Taking on America’s cheating culture requires taking on the societal forces that are driving this epidemic. It also entails new crusades for integrity in our schools and workplaces. I see the work ahead as broadly boiling down to three tasks: We must forge a new social contract in the United States. We must reform key professions and instill new codes of conduct in the workplace. And, to have any hope of an honest future, we must strengthen the ethics of new generations of Americans. Sounds like a piece of cake, right?
A New Social Contract
Cheating thrives where unfairness reigns, along with economic anxiety. It thrives where government is the weak captive of wealthy interests and lacks the will to do justice impartially.

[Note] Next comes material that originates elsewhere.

(* Let $\{\xi_k\}$ be the sequence produced by Algorithm DFNDFL (described in the context). Then \[ \lim_{k\to\infty} \xi_k = 0. \]
   Context: Consider the problem $\min f(x)$ s.t. $x\in X\cap\mathcal{Z}$, where $X=\{x\in\mathbb{R}^n: l\le x\le u\}$ is compact (with $l_i<u_i$, and $l_i,u_i\in\mathbb{Z}$ for $i\in I^z$), $\mathcal{Z}=\{x\in\mathbb{R}^n: x_i\in\mathbb{Z},\ i\in I^z\}$, $I^c\cup I^z=\{1,\dots,n\}$, $I^c\cap I^z=\emptyset$, and $f$ is continuous (Lipschitz continuous with respect to $x_i$, $i\in I^c$). Discrete Search$(\tilde\alpha,w,p,\xi;\alpha)$: compute the largest $\bar\alpha$ with $w+\bar\alpha p\in X\cap\mathcal{Z}$, set $\alpha=\min\{\bar\alpha,\tilde\alpha\}$; if $\alpha>0$ and $f(w+\alpha p)\le f(w)-\xi$, repeatedly set $\beta=\min\{\bar\alpha,2\alpha\}$ and, while $f(w+\beta p)\le f(w)-\xi$, set $\alpha=\beta$, then return $\alpha$; otherwise return $\alpha=0$. Algorithm DFNDFL: start from $x_0\in X\cap\mathcal{Z}$, $\xi_0>0$, $\theta\in(0,1)$. At iteration $k$, Phase 1 performs a projected line search along a continuous direction producing $\tilde x_k\in X\cap\mathcal{Z}$ with $f(\tilde x_k)\le f(x_k)$. Phase 2.A sets $y^+=\tilde x_k$ and, while the working set $D$ of feasible primitive integer directions (directions $d\in\mathbb{Z}^n$ with $d_i=0$ for $i\in I^c$, $d_z$ having greatest common divisor of components equal to 1, and $\tilde x_k+d\in X\cap\mathcal{Z}$) is nonempty and $y^+=\tilde x_k$, picks $d\in D$, removes it, and runs the Discrete Search from $y=y^+$ along $d$ with tentative step $\tilde\alpha_k^{(d)}$ and decrease parameter $\xi_k$; on success $y^+=y+\alpha d$ (so $f(y^+)\le f(\tilde x_k)-\xi_k$), on failure $\tilde\alpha_{k+1}^{(d)}=\max\{1,\lfloor\tilde\alpha_k^{(d)}/2\rfloor\}$. Phase 2.B: if $y^+=\tilde x_k$ and the Discrete Search fails with tentative step $\tilde\alpha_k^{(d)}=1$ for all $d$ in the current direction set $D_k$, set $\xi_{k+1}=\theta\xi_k$ (and possibly enlarge $D_k$ with new feasible primitive directions); otherwise $\xi_{k+1}=\xi_k$. Phase 3 chooses any $x_{k+1}\in X\cap\mathcal{Z}$ with $f(x_{k+1})\le f(y^+)$. *)

theory Defs
  imports "HOL-Analysis.Analysis"
begin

It thrives where money and success are king, and winners are fawned over whatever their daily abuses of power. If we want to reduce cheating, we must tackle these root causes. We need to create a new social contract in America that gives people faith in a few simple principles: Anyone who plays by the rules can get ahead. Everyone has some say in how the rules get made. Everyone who breaks the rules suffers the same penalties. And all of us are in the same boat, living in the same “moral community” and striving together to build a society that confers respect on people based on a wide variety of accomplishments.
Rediscovering these principles doesn’t require an archaeological expedition. These principles are at the heart of the American Dream; they are deeply embedded in our psyche. Nearly all Americans embrace them at some level. This ethos is what the United States, at its best, is all about.

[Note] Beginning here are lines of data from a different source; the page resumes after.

lemma suminf_indicator_before_hitting_time:
  assumes "\<exists>\<^sub>\<infinity>i. \<not> \<omega> i"
  shows "(\<Sum>k. indicator {\<omega>. \<omega> k = b \<and> failures \<omega> k < x} \<omega> :: ennreal)
       = of_nat (if b then U x \<omega> else x)"
proof -
  define T where "T = (LEAST k. failures \<omega> k = x)"
  have ex: "\<exists>k. failures \<omega> k = x"
    using failures_unbounded[OF assms] failures_attains by blast
  have T: "failures \<omega> T = x"
    unfolding T_def by (rule LeastI_ex[OF ex])
  have before: "failures \<omega> k < x \<longleftrightarrow> k < T" for k
    unfolding T_def by (rule failures_less_iff_less_hitting_time[OF ex])
  have "(\<Sum>k. indicator {\<omega>. \<omega> k = b \<and> failures \<omega> k < x} \<omega> :: ennreal)
      = (\<Sum>k<T. indicator {\<omega>. \<omega> k = b \<and> failures \<omega> k < x} \<omega>)"
    by (rule suminf_finite) (auto simp: before)
  also have "\<dots> = of_nat (\<Sum>k<T. if \<omega> k = b then 1 else 0)"
    unfolding of_nat_sum by (intro sum.cong) (auto simp: before)
  also have "(\<Sum>k<T. if \<omega> k = b then 1 else 0) = (if b then U x \<omega> else x)"
  proof (cases b)
    case True
    have "(\<Sum>k<T. if \<omega> k then 1 else 0) + failures \<omega> T = T"
      unfolding failures_eq_sum sum.distrib[symmetric] by (simp add: if_distrib cong: if_cong)
    then show ?thesis
      using True T by (simp add: U_def T_def[symmetric])
  next
    case False
    have "(\<Sum>k<T. if \<omega> k = False then 1 else 0) = failures \<omega> T"
      unfolding failures_eq_sum by (rule sum.cong) auto
    then show ?thesis
      using False T by simp
  qed
  finally show ?thesis .
qed

lemma prob_space_cookie_space: "prob_space (cookie_space p)"
  unfolding cookie_space_def by (rule prob_space_PiM) (simp add: prob_space_measure_pmf)

lemma space_cookie_space [simp]: "space (cookie_space p) = UNIV"
  unfolding cookie_space_def by (simp add: space_PiM)

lemma sets_cookie_space_Collect:
  "Measurable.pred (cookie_space p) P \<Longrightarrow> {\<omega>. P \<omega>} \<in> sets (cookie_space p)"
  by (drule predE) simp

lemma measurable_cookie_coordinate [measurable]:
  "(\<lambda>\<omega>. \<omega> i) \<in> measurable (cookie_space p) (count_space UNIV)"
proof -
  have "(\<lambda>\<omega>. \<omega> i) \<in> measurable (cookie_space p) (measure_pmf (bernoulli_pmf (p i)))"
    unfolding cookie_space_def by (rule measurable_component_singleton) simp
  then show ?thesis by (simp add: measurable_cong_sets)
qed

lemma measurable_failures [measurable]:
  "(\<lambda>\<omega>. failures \<omega> k) \<in> measurable (cookie_space p) (count_space UNIV)"
  unfolding failures_eq_sum by measurable

lemma measurable_U [measurable]: "U x \<in> measurable (cookie_space p) (count_space UNIV)"
  unfolding U_def by measurable

lemma measurable_failures_PiM:
  assumes "\<And>i. sets (M i) = sets (count_space UNIV)"
  shows "(\<lambda>f. failures f k) \<in> measurable (PiM {..<k} M) (count_space UNIV)"
  unfolding failures_eq_sum
proof (intro measurable_sum_nat)
  fix i :: nat assume "i \<in> {..<k}"
  then have "(\<lambda>f. f i) \<in> measurable (PiM {..<k} M) (count_space UNIV)"
    using measurable_component_singleton[of i "{..<k}" M] by (simp add: measurable_cong_sets[OF refl assms])
  then show "(\<lambda>f. if f i then 0 else 1) \<in> measurable (PiM {..<k} M) (count_space UNIV)"
    by (rule measurable_compose[where g="\<lambda>b. if b then 0 else 1"]) simp
qed

lemma emeasure_coordinate_failures_less:
  "emeasure (cookie_space p) {\<omega>. \<omega> k = b \<and> failures \<omega> k < x}
     = pmf (bernoulli_pmf (p k)) b * emeasure (cookie_space p) {\<omega>. failures \<omega> k < x}"
proof -
  interpret product_prob_space "\<lambda>i. measure_pmf (bernoulli_pmf (p i))" UNIV
    by unfold_locales
  let ?A = "{f\<in>space (PiM {..<k} (\<lambda>i. measure_pmf (bernoulli_pmf (p i)))). failures f k < x}"
  have "?A \<in> sets (PiM {..<k} (\<lambda>i. measure_pmf (bernoulli_pmf (p i))))"
    using measurable_failures_PiM[of "\<lambda>i. measure_pmf (bernoulli_pmf (p i))" k] by measurable
  moreover have "failures (restrict \<omega> {..<k}) k = failures \<omega> k" for \<omega> :: "nat \<Rightarrow> bool"
    by (rule failures_cong) simp
  ultimately show ?thesis
    using emeasure_PiM_component_indep_restrict[of k "{..<k}" "{b}" ?A]
    by (simp add: cookie_space_def space_PiM emeasure_pmf_single)
qed

lemma emeasure_all_successes:
  assumes "\<And>i. 0 \<le> p i \<and> p i \<le> 1" and "finite J"
  shows "emeasure (cookie_space p) {\<omega>. \<forall>i\<in>J. \<omega> i} = (\<Prod>i\<in>J. ennreal (p i))"
proof -
  interpret product_prob_space "\<lambda>i. measure_pmf (bernoulli_pmf (p i))" UNIV
    by unfold_locales
  show ?thesis
    using emeasure_PiM_Collect[of J "\<lambda>_. {True}"] assms
    by (simp add: cookie_space_def space_PiM emeasure_pmf_single)
qed

lemma emeasure_eventually_all_successes:
  assumes p: "\<And>i. 0 \<le> p i \<and> p i \<le> 1" and "c < 1" and c: "\<And>i. i \<ge> n \<Longrightarrow> p i \<le> c"
  shows "emeasure (cookie_space p) {\<omega>. \<forall>i\<ge>n. \<omega> i} = 0"
proof -
  interpret prob_space "cookie_space p"
    by (rule prob_space_cookie_space)
  let ?Z = "{\<omega>. \<forall>i\<ge>n. \<omega> i}"
  have "0 \<le> c"
    using p[of n] c[of n] by simp
  have "prob ?Z \<le> c ^ m" for m
  proof -
    have "emeasure (cookie_space p) ?Z \<le> emeasure (cookie_space p) {\<omega>. \<forall>i\<in>{n..<n+m}. \<omega> i}"
      by (intro emeasure_mono sets_cookie_space_Collect) auto
    also have "\<dots> = ennreal (\<Prod>i\<in>{n..<n+m}. p i)"
      using p by (simp add: emeasure_all_successes prod_ennreal)
    also have "\<dots> \<le> ennreal (\<Prod>i\<in>{n..<n+m}. c)"
      using p c by (intro ennreal_leI prod_mono) auto
    finally show ?thesis
      using \<open>0 \<le> c\<close> by (simp add: emeasure_eq_measure)
  qed
  then have "prob ?Z \<le> 0"
    using LIMSEQ_realpow_zero[OF \<open>0 \<le> c\<close> \<open>c < 1\<close>] by (intro LIMSEQ_le_const) auto
  then show ?thesis
    by (simp add: emeasure_eq_measure antisym[OF _ measure_nonneg])
qed

lemma AE_infinitely_many_failures:
  assumes "\<And>i. 0 \<le> p i \<and> p i \<le> 1" and "c < 1" and "eventually (\<lambda>i. p i \<le> c) sequentially"
  shows "AE \<omega> in cookie_space p. \<exists>\<^sub>\<infinity>i. \<not> \<omega> i"
proof -
  obtain N where N: "\<And>i. i \<ge> N \<Longrightarrow> p i \<le> c"
    using assms(3) by (auto simp: eventually_sequentially)
  have "AE \<omega> in cookie_space p. \<exists>i\<ge>n. \<not> \<omega> i" for n
  proof (rule AE_I')
    have "emeasure (cookie_space p) {\<omega>. \<forall>i\<ge>max n N. \<omega> i} = 0"
      using assms(1,2) N by (rule emeasure_eventually_all_successes) simp
    moreover have "{\<omega>. \<forall>i\<ge>max n N. \<omega> i} \<in> sets (cookie_space p)"
      by (intro sets_cookie_space_Collect) measurable
    ultimately show "{\<omega>. \<forall>i\<ge>max n N. \<omega> i} \<in> null_sets (cookie_space p)"
      by (rule null_setsI)
  qed auto
  then show ?thesis
    by (simp add: AE_all_countable INFM_nat_le)
qed

lemma nn_integral_count_before_hitting_time:
  assumes "AE \<omega> in cookie_space p. \<exists>\<^sub>\<infinity>i. \<not> \<omega> i"
  shows "(\<integral>\<^sup>+\<omega>. of_nat (if b then U x \<omega> else x) \<partial>cookie_space p)
       = (\<Sum>k. ennreal (pmf (bernoulli_pmf (p k)) b * measure (cookie_space p) {\<omega>. failures \<omega> k < x}))"
proof -
  interpret prob_space "cookie_space p"
    by (rule prob_space_cookie_space)
  have sets: "{\<omega>. \<omega> k = b \<and> failures \<omega> k < x} \<in> sets (cookie_space p)" for k
    by (intro sets_cookie_space_Collect) measurable
  have "(\<integral>\<^sup>+\<omega>. of_nat (if b then U x \<omega> else x) \<partial>cookie_space p)
      = (\<integral>\<^sup>+\<omega>. (\<Sum>k. indicator {\<omega>. \<omega> k = b \<and> failures \<omega> k < x} \<omega>) \<partial>cookie_space p)"
    by (intro nn_integral_cong_AE eventually_mono[OF assms] suminf_indicator_before_hitting_time[symmetric])
  also have "\<dots> = (\<Sum>k. emeasure (cookie_space p) {\<omega>. \<omega> k = b \<and> failures \<omega> k < x})"
    using sets by (simp add: nn_integral_suminf)
  also have "\<dots> = (\<Sum>k. ennreal (pmf (bernoulli_pmf (p k)) b * measure (cookie_space p) {\<omega>. failures \<omega> k < x}))"
    by (simp add: emeasure_coordinate_failures_less emeasure_eq_measure ennreal_mult)
  finally show ?thesis .
qed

But as has happened before, these basic tenets of Americanism are being elbowed aside by another central element of our national identity, namely, unfettered capitalism. We are learning once more—as leaders like Teddy Roosevelt learned a century ago—that our noblest aspirations for America cannot be realized when we allow economic competition to grow too harsh. Creating a new social contract requires taming the free market, as we have done in past eras. It means striking a healthier balance between humanistic values like shared responsibility, mutual respect, and compassion for the weak—and market values like maximum efficiency, individual autonomy, and admiration for the strong. Both of these sets of values have deep roots in our society. In fact, you can think of most Americans as having a split personality, as my colleague, Tamara Draut, has put it. The Tough American embraces the rigors of the market as the best way to ensure wealth creation and personal liberty. She isn’t interested in a lot of coddling of those who reject hard work. But there’s another side to her, the Fair American. She wants to live in a society where everyone’s treated equally and the weak aren’t left by the roadside. Creating a new social contract means finding the right public-policy medication to deal with America’s split personality. These days we need less Tough American and more Fair American.

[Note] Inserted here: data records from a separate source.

lemma bracket_expansion_comp:
  assumes f: "bracket_expansion f xs" and g: "bracket_expansion g ys"
  shows "bracket_expansion (f \<circ> g)
    [(c * d, \<alpha> \<circ> \<gamma>, \<delta> \<circ> \<beta>). (c, \<alpha>, \<beta>) \<leftarrow> xs, (d, \<gamma>, \<delta>) \<leftarrow> ys]"
    (is "bracket_expansion _ ?zs")
proof -
  have "br ((f \<circ> g) w) u = (\<Sum>(e, \<phi>, \<psi>)\<leftarrow>?zs. sc e (\<phi> (br w (\<psi> u))))" for w u
  proof -
    have "br ((f \<circ> g) w) u = (\<Sum>(c, \<alpha>, \<beta>)\<leftarrow>xs. sc c (\<alpha> (br (g w) (\<beta> u))))"
      using f unfolding bracket_expansion_def by simp
    also have "\<dots> = (\<Sum>(c, \<alpha>, \<beta>)\<leftarrow>xs. \<Sum>(d, \<gamma>, \<delta>)\<leftarrow>ys. sc (c * d) ((\<alpha> \<circ> \<gamma>) (br w ((\<delta> \<circ> \<beta>) u))))"
    proof (intro arg_cong[where f = sum_list] map_cong refl, clarify)
      fix c \<alpha> \<beta> assume "(c, \<alpha>, \<beta>) \<in> set xs"
      then have \<alpha>: "module_hom sc sc \<alpha>"
        using f module_hom_insert_id_AQ unfolding bracket_expansion_def by auto
      have "br (g w) (\<beta> u) = (\<Sum>(d, \<gamma>, \<delta>)\<leftarrow>ys. sc d (\<gamma> (br w (\<delta> (\<beta> u)))))"
        using g unfolding bracket_expansion_def by simp
      then show "sc c (\<alpha> (br (g w) (\<beta> u))) =
          (\<Sum>(d, \<gamma>, \<delta>)\<leftarrow>ys. sc (c * d) ((\<alpha> \<circ> \<gamma>) (br w ((\<delta> \<circ> \<beta>) u))))"
        by (simp add: module_hom_sum_list[OF \<alpha>] scale_sum_list module_hom.scale[OF \<alpha>] split_def)
    qed
    also have "\<dots> = (\<Sum>(e, \<phi>, \<psi>)\<leftarrow>?zs. sc e (\<phi> (br w (\<psi> u))))"
      by (induction xs) (simp_all add: split_def o_def)
    finally show ?thesis .
  qed
  moreover have "\<forall>(e, \<phi>, \<psi>) \<in> set ?zs. \<phi> \<in> insert id (AQ sc br) \<and> \<psi> \<in> insert id (AQ sc br)"
  proof (clarify)
    fix e \<phi> \<psi> assume "(e, \<phi>, \<psi>) \<in> set ?zs"
    then have "\<exists>c \<alpha> \<beta> d \<gamma> \<delta>. (c, \<alpha>, \<beta>) \<in> set xs \<and> (d, \<gamma>, \<delta>) \<in> set ys \<and> \<phi> = \<alpha> \<circ> \<gamma> \<and> \<psi> = \<delta> \<circ> \<beta>"
      by (clarsimp simp: comp_def) metis
    then obtain c \<alpha> \<beta> d \<gamma> \<delta> where "(c, \<alpha>, \<beta>) \<in> set xs" "(d, \<gamma>, \<delta>) \<in> set ys" "\<phi> = \<alpha> \<circ> \<gamma>" "\<psi> = \<delta> \<circ> \<beta>"
      by blast
    then show "\<phi> \<in> insert id (AQ sc br) \<and> \<psi> \<in> insert id (AQ sc br)"
      using f g comp_in_insert_id_AQ unfolding bracket_expansion_def by (metis (no_types, lifting) case_prodD)
  qed
  ultimately show ?thesis
    unfolding bracket_expansion_def by simp
qed
(* Assume that the lsc function $f:\mathbb{R}^n\to(-\infty,\infty]$ is prox-regular and subdifferentially continuous at $\bar x\in\operatorname{dom} f$ for the subgradient $\bar x^*\in\partial f(\bar x)$. Then there is a neighborhood $U\times V$ of $(\bar x,\bar x^* )$ such that for every $(x,x^* )\in \operatorname{gph}\partial f\cap (U\times V)$ the function $f$ is prox-regular and subdifferentially continuous at $x$ for $x^*$ and \begin{gather*}T_{\operatorname{gph} \partial f}^f(x,x^* )= T_{\operatorname{gph} \partial f}(x,x^* ),\ \widehat N_{\operatorname{gph} \partial f}^f(x,x^* )= \widehat N_{\operatorname{gph} \partial f}(x,x^* ),\ N_{\operatorname{gph} \partial f}^f(x,x^* )= N_{\operatorname{gph} \partial f}(x,x^* ),\\ D_f(\partial f)(x,x^* )=D(\partial f)(x,x^* ),\ \widehat D^*_f(\partial f)(x,x^* )=\widehat D^*(\partial f)(x,x^* ),\ D^*_f(\partial f)(x,x^* )=\widehat D^*(\partial f)(x,x^* ),\\ \mathcal{S}_f(\partial f)(x,x^* )=\mathcal{S}(\partial f)(x,x^* ),\ \mathcal{S}^*_f(\partial f)(x,x^* )=\mathcal{S}^*(\partial f)(x,x^* ). \end{gather*}
   Context: $\partial f$ denotes the limiting subdifferential, $\operatorname{gph}$ the graph. $f$ is prox-regular at $\bar x$ for $\bar x^*$ if $f$ is finite at $\bar x$, $\bar x^*\in\partial f(\bar x)$, and there exist $\epsilon>0$, $r\ge 0$ with $f(x')\ge f(x)+\langle x^*,x'-x\rangle-\frac r2\|x'-x\|^2$ whenever $\|x'-\bar x\|<\epsilon$, $(x,x^* )\in\operatorname{gph}\partial f$, $\|x-\bar x\|<\epsilon$, $\|x^*-\bar x^*\|<\epsilon$, $f(x)<f(\bar x)+\epsilon$. $f$ is subdifferentially continuous at $\bar x$ for $\bar x^*$ if $(x_k,x_k^* )\to(\bar x,\bar x^* )$ with $(x_k,x_k^* )\in\operatorname{gph}\partial f$ implies $f(x_k)\to f(\bar x)$. Write $(x_k,x_k^* )\to_f(\bar x,\bar x^* )$ ($f$-attentive convergence in $\operatorname{gph}\partial f$) if $(x_k,x_k^* )\in\operatorname{gph}\partial f$, $(x_k,x_k^* )\to(\bar x,\bar x^* )$ and $f(x_k)\to f(\bar x)$. $T_\Omega$, $\widehat N_\Omega=(T_\Omega)^\circ$, $N_\Omega$ are the tangent, regular normal and limiting normal cones; $D$, $\widehat D^*$, $D^*$ the graphical derivative, regular and limiting coderivative ($\operatorname{gph}\widehat D^*F(\bar x,\bar y)=\{(y^*,x^* ): (x^*,-y^* )\in\widehat N_{\operatorname{gph}F}(\bar x,\bar y)\}$, similarly $D^*$ with $N$). The $f$-attentive versions are defined by replacing ordinary convergence in $\operatorname{gph}\partial f$ by $f$-attentive convergence: $T^f_{\operatorname{gph}\partial f}(\bar x,\bar x^* )$ is the set of limits $\lim_k ((x_k,x_k^* )-(\bar x,\bar x^* ))/t_k$ with $t_k\downarrow0$, $(x_k,x_k^* )\to_f(\bar x,\bar x^* )$; $\widehat N^f_{\operatorname{gph}\partial f}:=(T^f_{\operatorname{gph}\partial f})^\circ$; $N^f_{\operatorname{gph}\partial f}(\bar x,\bar x^* )$ is the outer limit of $\widehat N^f_{\operatorname{gph}\partial f}(x,x^* )$ as $(x,x^* )\to_f(\bar x,\bar x^* )$; $D_f(\partial f)$, $\widehat D^*_f(\partial f)$, $D^*_f(\partial f)$ are built from these cones as the ordinary ones. With $\mathcal Z_{nn}$ the space of $n$-dimensional subspaces of $\mathbb R^n\times\mathbb R^n$ with metric $d(L_1,L_2)=\|P_{L_1}-P_{L_2}\|$ (orthogonal projections), the SC derivative $\mathcal S(\partial f)(\bar x,\bar x^* )$ is the set of $L\in\mathcal Z_{nn}$ that are limits of $T_{\operatorname{gph}\partial f}(x_k,x_k^* )\in\mathcal Z_{nn}$ along $(x_k,x_k^* )\to(\bar x,\bar x^* )$ in $\operatorname{gph}\partial f$; the $f$-attentive SC derivative $\mathcal S_f(\partial f)(\bar x,\bar x^* )$ is the set of limits of $T^f_{\operatorname{gph}\partial f}(x_k,x_k^* )\in\mathcal Z_{nn}$ along $(x_k,x_k^* )\to_f(\bar x,\bar x^* )$. Adjoint versions: $\mathcal S^*=\{L^*: L\in\mathcal S\}$, $\mathcal S^*_f=\{L^*:L\in\mathcal S_f\}$, where $L^*=\{(v^*,u^* ): (u^*,-v^* )\in L^\perp\}$. *)

theory Defs
  imports "HOL-Analysis.Analysis"
begin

Nowhere is this more true than in the economic sphere. Competition has grown too harsh in our postindustrial Banana Republic economy. Dog-eat-dog norms have conspired with long-term trends to create, on the one hand, fantastic concentrations of wealth and, on the other, profound insecurities among a vast swath of Americans. Neither is conducive to a society with strong ethics.
While crusades against inequality typically don’t get very far in the United States—Americans admire the rich too much to want to redistribute their wealth to the masses—what can fly are efforts to help more Americans join the middle class, or feel more financially secure as members of the middle class. And today, there are plenty of commonsense ways to work toward these goals, ways that appeal to both sides of our split personality.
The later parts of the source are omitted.